Are there other targets that could take advantage of this extension?
Do any other targets have some kind of conditional prefetch insn?
The attached patch implements this extension thusly:
- do not remove __builtin_expect() in strip_predict_hints() when the
second arguments is non-constant and the target provides the
"builtin_expect" md file pattern.
- add new rtl pattern "builtin_expect" with 2 input operands that
correspond to the 2 arguments of __builtin_expect(). Perhaps it
should also have a matching output operand, but the implementation
for SPU does not require it.
- call the "builtin_expect" pattern in expand_builtin_expect().
- the target specific code defines the new rtl pattern and generates
whatever code is necessary for that target.
The target specific part on SPU does the following:
- the "builtin_expect" pattern saves the two input operands in global
variables.
- when generating a conditional branch instruction and the first operand
for the branch matches the first operand saved by "builtin_expect" we
generate the code for dynamic instruction fetching.
- added 2 new "*cbranch" patterns which include a use of the register
which contains the predicted target.
- the machine reorg generates the prefetch insn using that register.
I chose this approach because it had minimal impact on common code.
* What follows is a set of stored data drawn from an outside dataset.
lemma sum_completions:
  assumes "4 \<le> n"
  defines "N \<equiv> int (2^n)"
  shows "(\<Sum>a<2^n. \<Sum>b<2^n. completions (2^n) a b) = 7 * N - 102 + (N - 16) * (7 * N - 192)
    + (N - 16) * (8 * N - 210 + (N - 32) * (N - 36))"
proof -
  have "(\<Sum>a<2^n. \<Sum>b<2^n. completions (2^n) a b) = (\<Sum>a<16. \<Sum>b<2^n. completions (2^n) a b)
      + (\<Sum>a\<in>{16..<2^n}. \<Sum>b<2^n. completions (2^n) a b)"
    unfolding lessThan_power2_split[OF assms(1)] by (rule sum.union_disjoint) auto
  also have "(\<Sum>a<16. \<Sum>b<2^n. completions (2^n) a b)
      = (\<Sum>a<16. (\<Sum>b<16. completions (2^n) a b) + (N - 16) * split_count (2^n) 1 5 6 7 a)"
    using sum_completions_small[OF assms(1)] by (simp add: N_def)
  also have "\<dots> = (\<Sum>a<16. \<Sum>b<16. completions (2^n) a b)
      + (N - 16) * (\<Sum>a<16. split_count (2^n) 1 5 6 7 a)"
    by (simp only: sum.distrib sum_distrib_left)
  also have "\<dots> = 7 * N - 102 + (N - 16) * (7 * N - 192)"
    unfolding sum_completions_small_small sum_split_count_1 N_def ..
  also have "(\<Sum>a\<in>{16..<2^n}. \<Sum>b<2^n. completions (2^n) a b)
      = (\<Sum>a\<in>{16..<2^n::nat}. 8 * N - 210 + (N - 32) * (N - 36))"
    using sum_completions_large[OF assms(1)]
    by (intro sum.cong) (auto simp: sum_split_count_2 sum_split_count_3 N_def)
  also have "\<dots> = (N - 16) * (8 * N - 210 + (N - 32) * (N - 36))"
    using sixteen_le_power2[OF assms(1)] by (simp add: N_def of_nat_diff)
  finally show ?thesis .
qed

theorem mainTheorem8:
  fixes n :: nat
  assumes "n \<ge> 4"
  shows "int (card {M \<in> quad_squares n. is_magic M \<and> is_typeC M}) =
    10 + 85 * (2^n - 16) + 43 * (2^n - 16) * (2^n - 32)
       + (2^n - 16) * (2^n - 32) * (2^n - 64)"
proof -
  have "int (card {M \<in> quad_squares n. is_magic M \<and> is_typeC M}) =
      (\<Sum>a<2^n. \<Sum>b<2^n. completions (2^n) a b)"
    unfolding card_magic_typeC_squares[OF assms] card_admissible_triples of_nat_sum
    using card_completions[OF assms] by (intro sum.cong) auto
  also have "\<dots> = 10 + 85 * (2^n - 16) + 43 * (2^n - 16) * (2^n - 32)
       + (2^n - 16) * (2^n - 32) * (2^n - 64)"
    unfolding sum_completions[OF assms] by (simp add: algebra_simps)
  finally show ?thesis .
qed

end
(* Consider the risk-averse quantal response mean-field game described in the context, and assume the Lipschitz condition on $f_t$ and $r_t$ stated there. Then there exists a mean-field risk-averse quantal response equilibrium (MF-RQE), i.e. a pair $(\pi^*_{\mathrm{RQE}}, \mathcal{S}^* )$, with $\pi^*_{\mathrm{RQE}}\in\Pi$ and $\mathcal{S}^*$ a set of mean-field flows, such that $\pi^*_{\mathrm{RQE}}\in\mathcal{B}^{\mathrm{RQE}}_{\mathrm{opt}}(\mathcal{S}^* )$ and $\mathcal{B}^{\mathrm{RQE}}_{\mathrm{prop}}(\pi^*_{\mathrm{RQE}})=\mathcal{S}^*$.
   Context: Let $\mathcal{X},\mathcal{U}$ be finite nonempty sets and $T\ge 1$ an integer. For a finite set $E$, $\mathcal{P}(E)$ is the set of probability vectors on $E$ and $d_{TV}(\mu,\mu')=\frac12\|\mu-\mu'\|_1$. For each $t\in\{0,\dots,T-1\}$ there are a transition kernel $f_t(x'\mid x,u,\mu)$ (a probability distribution over $x'\in\mathcal{X}$ for each $x\in\mathcal{X},u\in\mathcal{U},\mu\in\mathcal{P}(\mathcal{X})$) and a reward $r_t:\mathcal{X}\times\mathcal{U}\times\mathcal{P}(\mathcal{X})\to[-R_{\max},R_{\max}]$. Lipschitz condition: there are $L_f,L_r>0$ with $\sum_{x'}|f_t(x'\mid x,u,\mu)-f_t(x'\mid x,u,\mu')|\le L_f d_{TV}(\mu,\mu')$ and $|r_t(x,u,\mu)-r_t(x,u,\mu')|\le L_r d_{TV}(\mu,\mu')$ for all $x,u,\mu,\mu',t$. A (Markov, identical for all agents) policy is $\pi=(\pi_0,\dots,\pi_{T-1})$ with $\pi_t(\cdot\mid x)\in\mathcal{P}(\mathcal{U})$ for all $x$; $\Pi_t$ is the set of time-$t$ decision rules and $\Pi$ the set of policies. Given $\pi$ and $\mu_0\in\mathcal{P}(\mathcal{X})$, the mean-field flow $\mu=(\mu_0,\dots,\mu_T)$ is defined by $\mu_{t+1}(x')=\sum_{x}\sum_{u}f_t(x'\mid x,u,\mu_t)\pi_t(u\mid x)\mu_t(x)$. For a flow $\mu$ and policy $\pi$: $Q^\pi_{\mu,T-1}(x,u)=r_{T-1}(x,u,\mu_{T-1})$, and for $t<T-1$, $Q^\pi_{\mu,t}(x,u)=r_t(x,u,\mu_t)+\sum_{x'}f_t(x'\mid x,u,\mu_t)V^\pi_{\mu,t+1}(x')$, where $V^\pi_{\mu,t}(x)=\sum_u\pi_t(u\mid x)Q^\pi_{\mu,t}(x,u)$. Risk and rationality data: a finite set $\mathbb{M}=\{\mu_0^1,\dots,\mu_0^K\}\subset\mathcal{P}(\mathcal{X})$ of initial distributions with probabilities $w_k=\Gamma^*(\mu_0^k)$, $\Gamma^*\in\mathcal{P}(\mathbb{M})$; a risk parameter $\tau>0$; a rationality parameter $\alpha>0$; and a regularizer $\nu:\mathcal{P}(\mathcal{U})\to\mathbb{R}$ that is strictly convex and continuous. A set of flows is $\mathcal{S}=\{\mu^1,\dots,\mu^K\}$ where $\mu^k$ is a mean-field flow with initial distribution $\mu_0^k$. For $t$, $x$, $\pi\in\Pi$ and $\mathcal{S}$, define $c_t^{\pi,\alpha}(x;\mathcal{S})=\frac1\tau\log\Big(\sum_{k=1}^K w_k\exp\big(-\tau\sum_{u}\pi_t(u\mid x)Q^\pi_{\mu^k,t}(x,u)\big)\Big)+\alpha\,\nu(\pi_t(\cdot\mid x))$. For $\pi'_t\in\Pi_t$, $(\pi'_t,\pi_{-t})$ denotes $\pi$ with its time-$t$ component replaced by $\pi'_t$. $\mathcal{B}^{\mathrm{RQE}}_{\mathrm{opt}}(\mathcal{S})$ is the set of $\pi\in\Pi$ such that for all $t\in\{0,\dots,T-1\}$ and $x\in\mathcal{X}$, $\pi_t(\cdot\mid x)$ minimizes $c_t^{(\pi'_t,\pi_{-t}),\alpha}(x;\mathcal{S})$ over $\pi'_t\in\Pi_t$. $\mathcal{B}^{\mathrm{RQE}}_{\mathrm{prop}}(\pi)$ is the set of flows $\{\mu^1,\dots,\mu^K\}$ where $\mu^k$ is generated by $\pi$ from $\mu_0^k$. *)

theory Defs
  imports "HOL-Analysis.Analysis"
begin

definition pdist :: "('a::finite \<Rightarrow> real) set" where
  "pdist = {p. (\<forall>a. 0 \<le> p a) \<and> (\<Sum>a\<in>UNIV. p a) = 1}"

definition dTV :: "('a::finite \<Rightarrow> real) \<Rightarrow> ('a \<Rightarrow> real) \<Rightarrow> real" where
  "dTV \<mu> \<mu>' = (1/2) * (\<Sum>a\<in>UNIV. \<bar>\<mu> a - \<mu>' a\<bar>)"

text \<open>Kernels: f t x u \<mu> x' ;  rewards: r t x u \<mu> ;  policies: \<pi> t x u.\<close>

definition decision_rule :: "('x::finite \<Rightarrow> 'u::finite \<Rightarrow> real) \<Rightarrow> bool" where
  "decision_rule d \<longleftrightarrow> (\<forall>x. d x \<in> pdist)"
Most of the effort happens in target specific code.
Is this approach reasonably? I think saving operands in a global is
fragile, i.e., changing the code for branches could indirectly break a
target's "builtin_expect" implementation.
A different implementation might be to add a new pattern like
"expect_cbranch<mode>5" that passes the second argument of
builtin_expect() directly, rather than the target saving it in a global.
One way to achieve this is to update the code that sets branch
priorities based on __builtin_expect() and have it record the second
argument somewhere, then use that when expanding. But I do not know the
best place to save that argument or how to represent it in the tree IR.
Another consideration for the target side implementation is that the
"builtin_expect" pattern might generate some setup code (e.g., loading
addresses) and we want that setup code to be optimized. Which means we
should generate the setup code at expand time. At the same time, we
want this extension to have minimal impact on branch optimizations that
would happen otherwise. (e.g., if a branch is dead code, it should
still be removed, even though it is being effected by builtin_expect.)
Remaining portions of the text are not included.